Como, olhando retrospectivamente, você vê sua formação? Qual o papel
da escola na definição do artista?
Não conheci a Escola de Artes Visuais na época do Gerchman, mas me
parece muito coerente com o momento e como imagino que deveria
ser uma escola de arte. A ideia de uma escola como um lugar onde se
formam artistas é um equívoco. Acho que seu papel deveria ser o de
fornecer conhecimento técnico e informação. O Parque Lage sempre
me pareceu mais um centro de encontro e discussão do que uma escola
propriamente dita. Minha experiência lá foi sobretudo de convivência. Entrei na época em que Rubem Breitman era o diretor. Frequentei
como aluno por muito pouco tempo, mas foi onde encontrei amigos
com quem logo em seguida montei meu primeiro ateliê. Comecei a dar
aula também no final dos anos 80 e era completamente despreparado
para isso. Mas foi nesse momento que talvez aprendi mais.
— Você é um artista que usa muito a lata de lixo do ateliê ou é daqueles que
gosta de guardar as tentativas não concluídas para eventuais futuros
desdobramentos? O que fica mais cheio no seu ateliê: o lixo ou o arquivo?
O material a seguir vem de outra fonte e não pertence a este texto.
(* The operator $\frac1\lambda P$ maps $\Delta_f$ into itself.
   Context: Let $I=[0,1)$ carry a metric $d_I$, fix $\theta\in(0,1)$, and let $\Omega=I^{\mathbb Z}$ with metric $d(x,y)=\sup_{k\in\mathbb Z}\theta^{|k|}d_I(x_k,y_k)$. Let $\tau:I\to I$ have full branches, so that $b=\#\tau^{-1}(t)$ is constant; let $p_\tau$ be a fixed point of $\tau$. Assume there is $\eta\in(0,1)$ such that every inverse branch $\zeta$ of $\tau$ satisfies $d_I(\zeta(s),\zeta(t))\le\eta\,d_I(s,t)$. Let $(\bar\tau x)_i=\tau(x_i)$. Let $\pi_k:\Omega\to\Omega$ keep the coordinates $|i|\le k$ and set the others to $p_\tau$; $\Phi_k=\Phi\circ\pi_k$. Fix $\beta\in(0,1]$; $|\Phi|_\infty=\sup|\Phi|$, $|\Phi|_\beta=\sup_{k\in\mathbb N}\sup_{x\neq y}|\Phi_k(x)-\Phi_k(y)|/d(x,y)^\beta$, $\|\Phi\|=|\Phi|_\infty+|\Phi|_\beta$, $\mathcal C=\{\Phi\in C(\Omega):\|\Phi\|<\infty\}$. An inverse branch of order $k$ is a choice $\zeta=(\zeta_j)_{|j|\le k}$ of inverse branches of $\tau$, with $(\zeta_x)_j=\zeta_j(x_j)$ for $|j|\le k$, $(\zeta_x)_j=x_j$ otherwise; $b_k=b^{2k+1}$. For real $f\in\mathcal C$, $P_k\Phi(x)=b_k^{-1}\sum_{|\zeta|=k}e^{f(\pi_k\zeta_x)}\Phi(\pi_k\zeta_x)$ and $P\Phi=\lim_kP_k\Phi$ pointwise. Fix a Borel probability measure $\nu_0$ on $\Omega$ with $P^*\nu_0=\lambda\nu_0$, where $\lambda=\int P\mathbf 1\,d\nu_0$ (such exists). Put $B(z)=\exp\!\left(|f|_\beta\frac{\eta^\beta}{1-\eta^\beta}z^\beta\right)$ for $z\ge0$ and $\Delta_f=\{\Phi\in C(\Omega):\Phi\ge0,\ \nu_0(\Phi)=1,\ \Phi(x)\le B(d(x,y))\Phi(y)\ \forall x,y\in\Omega\}$. *)

theory Defs
  imports "HOL-Analysis.Analysis" "HOL-Probability.Probability"
begin

definition Iset :: "real set" where
  "Iset = {0..<1}"

definition Omega :: "(int \<Rightarrow> real) set" where
  "Omega = {x. \<forall>i. x i \<in> Iset}"

definition metric_on_I :: "(real \<Rightarrow> real \<Rightarrow> real) \<Rightarrow> bool" where
  "metric_on_I dI \<longleftrightarrow>
     (\<forall>s\<in>Iset. \<forall>t\<in>Iset. 0 \<le> dI s t \<and> dI s t = dI t s \<and> (dI s t = 0 \<longleftrightarrow> s = t)) \<and>
     (\<forall>s\<in>Iset. \<forall>t\<in>Iset. \<forall>u\<in>Iset. dI s u \<le> dI s t + dI t u)"

definition dOm :: "(real \<Rightarrow> real \<Rightarrow> real) \<Rightarrow> real \<Rightarrow> (int \<Rightarrow> real) \<Rightarrow> (int \<Rightarrow> real) \<Rightarrow> real" where
  "dOm dI \<theta> x y = (if x \<in> Omega \<and> y \<in> Omega then (SUP k. \<theta> ^ nat \<bar>k\<bar> * dI (x k) (y k)) else 0)"

definition Otop :: "(real \<Rightarrow> real \<Rightarrow> real) \<Rightarrow> real \<Rightarrow> (int \<Rightarrow> real) topology" where
  "Otop dI \<theta> = Metric_space.mtopology Omega (dOm dI \<theta>)"

definition Ccont :: "(real \<Rightarrow> real \<Rightarrow> real) \<Rightarrow> real \<Rightarrow> ((int \<Rightarrow> real) \<Rightarrow> real) set" where
  "Ccont dI \<theta> = {\<Phi>. continuous_map (Otop dI \<theta>) euclideanreal \<Phi>}"

definition proj :: "real \<Rightarrow> nat \<Rightarrow> (int \<Rightarrow> real) \<Rightarrow> (int \<Rightarrow> real)" where
  "proj p k x = (\<lambda>i. if \<bar>i\<bar> \<le> int k then x i else p)"

definition holder_quots ::
  "(real \<Rightarrow> real \<Rightarrow> real) \<Rightarrow> real \<Rightarrow> real \<Rightarrow> real \<Rightarrow> ((int \<Rightarrow> real) \<Rightarrow> real) \<Rightarrow> real set" where
  "holder_quots dI \<theta> p \<beta> \<Phi> =
     {\<bar>\<Phi> (proj p k x) - \<Phi> (proj p k y)\<bar> / (dOm dI \<theta> x y) powr \<beta> | k x y.
        x \<in> Omega \<and> y \<in> Omega \<and> x \<noteq> y}"

definition holder_semi ::
  "(real \<Rightarrow> real \<Rightarrow> real) \<Rightarrow> real \<Rightarrow> real \<Rightarrow> real \<Rightarrow> ((int \<Rightarrow> real) \<Rightarrow> real) \<Rightarrow> real" where
  "holder_semi dI \<theta> p \<beta> \<Phi> = Sup (holder_quots dI \<theta> p \<beta> \<Phi>)"

definition Cbeta ::
  "(real \<Rightarrow> real \<Rightarrow> real) \<Rightarrow> real \<Rightarrow> real \<Rightarrow> real \<Rightarrow> ((int \<Rightarrow> real) \<Rightarrow> real) set" where
  "Cbeta dI \<theta> p \<beta> = {\<Phi> \<in> Ccont dI \<theta>. (\<exists>M. \<forall>x\<in>Omega. \<bar>\<Phi> x\<bar> \<le> M) \<and>
                                      bdd_above (holder_quots dI \<theta> p \<beta> \<Phi>)}"

text \<open>Inverse branches of order k: choices c j \<in> {..<b} of an inverse branch for |j| <= k.\<close>
definition branches :: "nat \<Rightarrow> nat \<Rightarrow> (int \<Rightarrow> nat) set" where
  "branches b k = PiE {- int k .. int k} (\<lambda>_. {..<b})"
lemma card_connected_components_of_punctured_interval:
  fixes S :: "real set"
  assumes "open S" "connected S" "a \<in> S"
  shows "card (connected_components_of (top_of_set (S - {a}))) = 2"
proof -
  obtain \<epsilon> where "\<epsilon> > 0" "ball a \<epsilon> \<subseteq> S" using assms open_contains_ball by blast
  then have ne: "a - \<epsilon>/2 \<in> S \<inter> {..<a}" "a + \<epsilon>/2 \<in> S \<inter> {a<..}" by (auto simp: dist_real_def)
  have interval: "is_interval S" using assms(2) is_interval_connected_1 by blast
  have "connected_components_of (top_of_set (S - {a})) = {S \<inter> {..<a}, S \<inter> {a<..}}"
  proof (rule connected_components_of_eq_doubleton)
    have "connected (S \<inter> {..<a})" "connected (S \<inter> {a<..})"
      using interval by (simp_all add: is_interval_connected_1[symmetric] is_interval_Int
          is_interval_ci is_interval_ic)
    then show "connectedin (top_of_set (S - {a})) (S \<inter> {..<a})"
      "connectedin (top_of_set (S - {a})) (S \<inter> {a<..})"
      by (auto simp: connectedin_subtopology)
    show "openin (top_of_set (S - {a})) (S \<inter> {..<a})"
      unfolding openin_open by (rule exI[of _ "{..<a}"]) auto
    show "openin (top_of_set (S - {a})) (S \<inter> {a<..})"
      unfolding openin_open by (rule exI[of _ "{a<..}"]) auto
    show "S \<inter> {..<a} \<inter> (S \<inter> {a<..}) = {}" by auto
    show "S \<inter> {..<a} \<noteq> {}" "S \<inter> {a<..} \<noteq> {}" using ne by blast+
    show "S \<inter> {..<a} \<union> S \<inter> {a<..} = topspace (top_of_set (S - {a}))" by auto
  qed
  moreover have "S \<inter> {..<a} \<noteq> S \<inter> {a<..}"
    using ne(1) by (metis IntD2 greaterThan_iff lessThan_iff less_asym)
  ultimately show ?thesis by simp
qed

lemma has_degree_2_if_open_arc:
  assumes e: "openin T e" and f: "homeomorphic_map (subtopology T e) (top_of_set {0<..<1::real}) f"
    and p: "p \<in> e"
  shows "has_degree T p 2"
  unfolding has_degree_def
proof (intro exI[of _ e] conjI e p allI impI)
  fix U assume U: "openin T U \<and> p \<in> U \<and> U \<subseteq> e \<and> connectedin T U"
  have "e \<subseteq> topspace T" using e openin_subset by blast
  then have topspace_e: "topspace (subtopology T e) = e" by auto
  have "openin (subtopology T e) U" using U by (auto simp: openin_subtopology_alt)
  then have "openin (top_of_set {0<..<1}) (f ` U)"
    using homeomorphic_map_openness[OF f, of U] U topspace_e openin_subset by fastforce
  then have "open (f ` U)" by (rule openin_open_trans) simp
  moreover have "connected (f ` U)"
    using connectedin_continuous_map_image[OF homeomorphic_imp_continuous_map[OF f], of U] U
    by (simp add: connectedin_subtopology)
  moreover have fU: "f ` U \<subseteq> {0<..<1}"
    using homeomorphic_imp_surjective_map[OF f] U topspace_e by auto
  ultimately have two: "card (connected_components_of (top_of_set (f ` U - {f p}))) = 2"
    using U by (intro card_connected_components_of_punctured_interval) auto
  have Ue: "e \<inter> (U - {p}) = U - {p}" using U by blast
  have "f ` (U - {p}) = f ` U - {f p}"
    using homeomorphic_imp_injective_map[OF f] U p topspace_e by (auto simp: inj_on_def)
  then have "homeomorphic_map (subtopology (subtopology T e) (U - {p}))
                (subtopology (top_of_set {0<..<1}) (f ` U - {f p})) f"
    using U topspace_e fU by (intro homeomorphic_map_subtopologies[OF f]) auto
  moreover have "subtopology (subtopology T e) (U - {p}) = subtopology T (U - {p})"
    by (simp add: subtopology_subtopology Ue)
  moreover have "subtopology (top_of_set {0<..<1}) (f ` U - {f p}) = top_of_set (f ` U - {f p})"
    using fU by (simp add: subtopology_subtopology) (metis Diff_subset Int_absorb1 inf_commute order_trans)
  ultimately have "homeomorphic_map (subtopology T (U - {p})) (top_of_set (f ` U - {f p})) f"
    by simp
  then show "card (connected_components_of (subtopology T (U - {p}))) = 2"
    using card_connected_components_of_homeomorphic_map two by metis
  then show "finite (connected_components_of (subtopology T (U - {p})))"
    by (intro card_ge_0_finite) simp
qed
É verdade que acumulo coisas no ateliê e levo um tempo para saber
o que fazer com elas. É um período de convivência para estabelecer
algum tipo de relevância no uso desses materiais ou mesmo jogá–los
fora. A relação do que estou representando com o material usado está
numa área de sombra da qual não tenho domínio pleno. Tem que haver
uma falta de controle, um certo desconhecimento, para a coisa acontecer. Desde o começo, a ideia do sudário me interessou como uma
metáfora para a pintura. Agora estou usando livros de arte, sobras de
catálogos e convites de exposições. Nesses materiais, ao contrário das
impressões, acontece um apagamento da informação que estava lá.